*DIRECTIONS*
Every line with "have" in it should be copied from the data.

========================================

lemma feasible_zero_surplus_identical_contracts:
  assumes "\<sigma> > 0" "feasible \<rho> \<mu> \<sigma> (qW, KW, \<Delta>W) tP \<delta>" "\<Delta>W \<noteq> 0"
  shows "tP = (qW, KW, \<Delta>W)"
proof -
  obtain qP KP \<Delta>P where tP: "tP = (qP, KP, \<Delta>P)" by (cases tP)
  from assms(2) have K: "0 \<le> KW" "KW \<le> 1 / \<rho>" "0 \<le> KP" "KP \<le> 1 / \<rho>" and "\<Delta>P = \<Delta>W"
    and exercise: "AE \<omega> in unifM \<mu> \<sigma>. \<delta> \<omega> = \<Delta>W * (if price \<rho> \<mu> \<omega> \<ge> KW then 1 else 0)"
    and zero_surplus: "AE \<omega> in unifM \<mu> \<sigma>. qW * \<Delta>W - qP * \<Delta>P - max (price \<rho> \<mu> \<omega> - KW) 0 * \<Delta>W
                           + max (price \<rho> \<mu> \<omega> - KP) 0 * \<delta> \<omega> = 0"
    unfolding feasible_def tP AW_def AP_def A0_def by auto
  have clearing: "AE \<omega> in unifM \<mu> \<sigma>. \<delta> \<omega> = \<Delta>W * (if price \<rho> \<mu> \<omega> \<ge> KW then 1 else 0) \<and>
      (qW - qP) * \<Delta>W - max (price \<rho> \<mu> \<omega> - KW) 0 * \<Delta>W + max (price \<rho> \<mu> \<omega> - KP) 0 * \<delta> \<omega> = 0"
    using exercise zero_surplus by eventually_elim (simp add: \<open>\<Delta>P = \<Delta>W\<close> algebra_simps)
  have "sqrt 3 * \<sigma> > 0" using assms(1) by simp
  then have above: "{\<mu> <..< \<mu> + sqrt 3 * \<sigma>} \<subseteq> Omega \<mu> \<sigma>"
    and below: "{\<mu> - sqrt 3 * \<sigma> <..< \<mu>} \<subseteq> Omega \<mu> \<sigma>"
    by (auto simp: Omega_def)
  \<comment> \<open>Above the mean no option is in the money, below it both are: this pins down q and K.\<close>
  obtain x where x: "\<mu> < x"
    "(qW - qP) * \<Delta>W - max (price \<rho> \<mu> x - KW) 0 * \<Delta>W + max (price \<rho> \<mu> x - KP) 0 * \<delta> x = 0"
    using AE_unifM_obtains_point[OF assms(1) clearing _ above] \<open>sqrt 3 * \<sigma> > 0\<close> by auto
  obtain y where y: "y < \<mu>" "\<delta> y = \<Delta>W * (if price \<rho> \<mu> y \<ge> KW then 1 else 0)"
    "(qW - qP) * \<Delta>W - max (price \<rho> \<mu> y - KW) 0 * \<Delta>W + max (price \<rho> \<mu> y - KP) 0 * \<delta> y = 0"
    using AE_unifM_obtains_point[OF assms(1) clearing _ below] \<open>sqrt 3 * \<sigma> > 0\<close> by auto
  have "(qW - qP) * \<Delta>W = 0"
    using x K by (auto simp: price_def)
  moreover have "(qW - qP) * \<Delta>W + (KW - KP) * \<Delta>W = 0"
    using y K by (auto simp: price_def algebra_simps)
  ultimately show ?thesis
    using assms(3) \<open>\<Delta>P = \<Delta>W\<close> by (simp add: tP)
qed
lemma dh_basis_plus:
  assumes "cube_data X circ triv ed" and "v \<subseteq> basis_plus X circ"
  shows "dh X (trivO triv) (edO ed) v \<subseteq> basis_plus X circ"
proof -
  have "v \<subseteq> tensor_O True ` kb_basis X circ"
    using assms(2) by (simp add: image_tensor_O_plus_kb_basis)
  then obtain u where "u \<subseteq> kb_basis X circ" and "v = tensor_O True ` u"
    unfolding subset_image_iff by blast
  then show ?thesis
    using dh_kb_basis[OF assms(1)]
    by (auto simp: image_tensor_O_plus_kb_basis[symmetric] dh_tensor_O)
qed

lemma chain_iso_Phi:
  assumes "cube_data X circ triv ed"
  shows "chain_iso (basis_plus X circ) (dh X (trivO triv) (edO ed))
           (kb_basis X circ) (dh X triv ed) (lin (Phi_basis triv cp))"
  by (rule chain_iso_inverse_image[OF inj_tensor_O image_tensor_O_plus_kb_basis])
     (simp_all add: lin_Phi_tensor_O dh_tensor_O dh_kb_basis[OF assms])

lemma chain_iso_Psi:
  assumes "cube_data X circ triv ed"
  shows "chain_iso (kb_basis X circ) (dh X triv ed) (basis_minus X circ)
           (\<lambda>w. dh X (trivO triv) (edO ed) w \<inter> basis_minus X circ)
           (\<lambda>v. lin (Psi_basis triv cp) v \<inter> basis_minus X circ)"
proof (rule chain_iso_image[OF inj_tensor_O image_tensor_O_minus_kb_basis])
  note closed = dh_kb_basis[OF assms]
  have in_minus: "tensor_O False ` u \<inter> basis_minus X circ = tensor_O False ` u"
    if "u \<subseteq> kb_basis X circ" for u
    using that image_tensor_O_minus_kb_basis by blast
  show "lin (Psi_basis triv cp) u \<inter> basis_minus X circ = tensor_O False ` u"
    and "dh X (trivO triv) (edO ed) (tensor_O False ` u) \<inter> basis_minus X circ
           = tensor_O False ` dh X triv ed u"
    if "u \<subseteq> kb_basis X circ" for u
    using that closed by (simp_all add: lin_Psi_basis_minus dh_tensor_O in_minus)
  show "dh X triv ed u \<subseteq> kb_basis X circ" if "u \<subseteq> kb_basis X circ" for u
    using that by (rule closed)
qed

theorem lemma1:
  fixes X :: "'c set" and circ :: "'c set \<Rightarrow> 'k set" and triv :: "'k \<Rightarrow> bool"
    and ed :: "'c set \<Rightarrow> 'c \<Rightarrow> 'k ekind" and cp :: "'c set \<Rightarrow> 'k"
  assumes "cube_data X circ triv ed"
    and "point_data X circ ed cp"
  shows "(\<forall>v. v \<subseteq> basis_plus X circ \<longrightarrow>
            dh X (trivO triv) (edO ed) v \<subseteq> basis_plus X circ)
    \<and> chain_iso (basis_plus X circ) (dh X (trivO triv) (edO ed))
                (kb_basis X circ) (dh X triv ed)
                (lin (Phi_basis triv cp))
    \<and> chain_iso (kb_basis X circ) (dh X triv ed)
                (basis_minus X circ)
                (\<lambda>w. dh X (trivO triv) (edO ed) w \<inter> basis_minus X circ)
                (\<lambda>v. lin (Psi_basis triv cp) v \<inter> basis_minus X circ)"
  using dh_basis_plus[OF assms(1)] chain_iso_Phi[OF assms(1)] chain_iso_Psi[OF assms(1)]
  by blast

end
(* In a qubit stabilizer subsystem code, a region $R$ of physical qubits is bare-cleanable if and only if for every Pauli operator $P_L$ on the logical subsystem there exists a bare-CSP Pauli operator $P$ supported on $R^c$ that implements $P_L\otimes\mathrm{Id}_J$.
   Context: Stabilizer subsystem code: stabilizer group (abelian subgroup of the Pauli group not containing $-\mathrm{Id}$) with code space its common $+1$ eigenspace, isomorphic via an encoding isometry $V$ to an encoded space of encoded qubits, equipped with the tensor product structure and basis such that every codespace-preserving physical Pauli operator implements an encoded Pauli operator; the encoded qubits are divided into a logical subsystem $\mathcal{H}_L$ (at least one qubit) and a junk subsystem $\mathcal{H}_J$. $\Pi=VV^\dagger$. $A$ is CSP if $[A,\Pi]=0$; dressed-CSP if moreover $V^\dagger AV=A_L\otimes A_J$ (it implements $A_L\otimes A_J$); bare-CSP if also $A_J=\mathrm{Id}_J$. Supported on $R$: of the form $A_R\otimes\mathrm{Id}_{R^c}$. $R$ is bare-cleanable (correctable) if for every logical operator $A_L\in\mathcal{B}(\mathcal{H}_L)$ there is a bare-CSP operator supported on $R^c$ implementing $A_L\otimes\mathrm{Id}_J$. *)

theory Defs
  imports "Jordan_Normal_Form.Schur_Decomposition"
begin

(* Computational basis of n qubits: index i < 2^n; qubit q carries the bit (i div 2^q) mod 2. *)
definition qbit :: "nat \<Rightarrow> nat \<Rightarrow> bool" where
  "qbit q i = odd (i div 2 ^ q)"

datatype pauli1 = PI | PX | PY | PZ

fun sigma :: "pauli1 \<Rightarrow> bool \<Rightarrow> bool \<Rightarrow> complex" where
  "sigma PI a b = (if a = b then 1 else 0)"
| "sigma PX a b = (if a \<noteq> b then 1 else 0)"
| "sigma PY a b = (if a = b then 0 else if a then \<i> else - \<i>)"
| "sigma PZ a b = (if a = b then (if a then -1 else 1) else 0)"

definition pauli_mat :: "nat \<Rightarrow> complex \<Rightarrow> (nat \<Rightarrow> pauli1) \<Rightarrow> complex mat" where
  "pauli_mat n c p = mat (2^n) (2^n) (\<lambda>(i,j). c * (\<Prod>q<n. sigma (p q) (qbit q i) (qbit q j)))"

definition pauli_group :: "nat \<Rightarrow> complex mat set" where
  "pauli_group n = {pauli_mat n c p | c p. c \<in> {1, -1, \<i>, -\<i>}}"

(* Kronecker product A (x) B  (first factor most significant) *)
definition kron :: "complex mat \<Rightarrow> complex mat \<Rightarrow> complex mat" where
  "kron A B = mat (dim_row A * dim_row B) (dim_col A * dim_col B)
     (\<lambda>(i,j). A $$ (i div dim_row B, j div dim_col B) * B $$ (i mod dim_row B, j mod dim_col B))"

(* A is supported on the set of qubits T: A = A_T (x) Id_{T^c} *)
definition supported_on :: "nat \<Rightarrow> nat set \<Rightarrow> complex mat \<Rightarrow> bool" where
  "supported_on n T A \<longleftrightarrow> A \<in> carrier_mat (2^n) (2^n) \<and>
     (\<exists>B :: (nat \<Rightarrow> bool) \<Rightarrow> (nat \<Rightarrow> bool) \<Rightarrow> complex.
        \<forall>i < 2^n. \<forall>j < 2^n. A $$ (i,j) =
          (if \<forall>q<n. q \<notin> T \<longrightarrow> qbit q i = qbit q j
           then B (\<lambda>q. q \<in> T \<and> qbit q i) (\<lambda>q. q \<in> T \<and> qbit q j) else 0))"

definition code_space :: "nat \<Rightarrow> complex mat set \<Rightarrow> complex vec set" where
  "code_space n S = {v \<in> carrier_vec (2^n). \<forall>s\<in>S. s *\<^sub>v v = v}"

(* Stabilizer subsystem code on n physical qubits with stabilizer group S, encoding isometry V
   onto kL + kJ encoded qubits; the logical subsystem consists of the kL most significant encoded
   qubits (first Kronecker factor), the junk subsystem of the remaining kJ qubits. *)
definition stabilizer_subsystem_code ::
  "nat \<Rightarrow> nat \<Rightarrow> nat \<Rightarrow> complex mat set \<Rightarrow> complex mat \<Rightarrow> bool" where
  "stabilizer_subsystem_code n kL kJ S V \<longleftrightarrow>
     S \<subseteq> pauli_group n \<and> 1\<^sub>m (2^n) \<in> S \<and>
     (\<forall>a\<in>S. \<forall>b\<in>S. a * b \<in> S) \<and> (\<forall>a\<in>S. mat_adjoint a \<in> S) \<and>
     (\<forall>a\<in>S. \<forall>b\<in>S. a * b = b * a) \<and> - 1\<^sub>m (2^n) \<notin> S \<and>
     kL \<ge> 1 \<and>
     V \<in> carrier_mat (2^n) (2^(kL+kJ)) \<and>
     mat_adjoint V * V = 1\<^sub>m (2^(kL+kJ)) \<and>
     (\<forall>v\<in>carrier_vec (2^n). v \<in> code_space n S \<longleftrightarrow> (V * mat_adjoint V) *\<^sub>v v = v) \<and>
     (\<forall>P\<in>pauli_group n. P * (V * mat_adjoint V) = (V * mat_adjoint V) * P \<longrightarrow>
          mat_adjoint V * P * V \<in> pauli_group (kL+kJ))"

definition code_proj :: "complex mat \<Rightarrow> complex mat" where
  "code_proj V = V * mat_adjoint V"

definition CSP :: "complex mat \<Rightarrow> complex mat \<Rightarrow> bool" where
  "CSP V A \<longleftrightarrow> A * code_proj V = code_proj V * A"

definition bare_implements :: "nat \<Rightarrow> complex mat \<Rightarrow> complex mat \<Rightarrow> complex mat \<Rightarrow> bool" where
  "bare_implements kJ V A AL \<longleftrightarrow> CSP V A \<and> mat_adjoint V * A * V = kron AL (1\<^sub>m (2^kJ))"

definition bare_cleanable :: "nat \<Rightarrow> nat \<Rightarrow> nat \<Rightarrow> complex mat \<Rightarrow> nat set \<Rightarrow> bool" where
  "bare_cleanable n kL kJ V R \<longleftrightarrow>
     (\<forall>AL \<in> carrier_mat (2^kL) (2^kL). \<exists>A \<in> carrier_mat (2^n) (2^n).
        supported_on n ({..<n} - R) A \<and> bare_implements kJ V A AL)"

end

theory Submission
  imports Defs
begin

(* Pauli strings form a basis of the operators on n qubits, and an operator supported on T is a
   combination of Pauli strings acting trivially outside T.  Compressing by the encoding isometry,
   a Pauli string that does not preserve the code space is sent to zero: it anticommutes with some
   stabilizer, which the code projector absorbs on both sides.  Hence if A is supported on T and
   implements PL (x) Id_J for a logical Pauli PL, the Hilbert-Schmidt overlap of V^H A V = PL (x) Id_J
   with itself is a combination of overlaps with encoded code-space preserving Pauli strings on T,
   and one of them is nonzero.  Encoded code-space preserving Paulis are Paulis, and orthogonality
   of Pauli strings forces this one to be a phase multiple of PL (x) Id_J.  Conversely, every logical
   operator is a combination of logical Paulis, and bare implementation is linear. *)

lemma qbit_iff_bit: "qbit q i \<longleftrightarrow> bit i q"
  unfolding qbit_def by (simp add: bit_iff_odd)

========================================

*TASK SOLUTION*
  from assms(2) have K: "0 \<le> KW" "KW \<le> 1 / \<rho>" "0 \<le> KP" "KP \<le> 1 / \<rho>" and "\<Delta>P = \<Delta>W"
  have clearing: "AE \<omega> in unifM \<mu> \<sigma>. \<delta> \<omega> = \<Delta>W * (if price \<rho> \<mu> \<omega> \<ge> KW then 1 else 0) \<and>
  have "sqrt 3 * \<sigma> > 0" using assms(1) by simp
  then have above: "{\<mu> <..< \<mu> + sqrt 3 * \<sigma>} \<subseteq> Omega \<mu> \<sigma>"
  have "(qW - qP) * \<Delta>W = 0"
  moreover have "(qW - qP) * \<Delta>W + (KW - KP) * \<Delta>W = 0"
  have "v \<subseteq> tensor_O True ` kb_basis X circ"
  have in_minus: "tensor_O False ` u \<inter> basis_minus X circ = tensor_O False ` u"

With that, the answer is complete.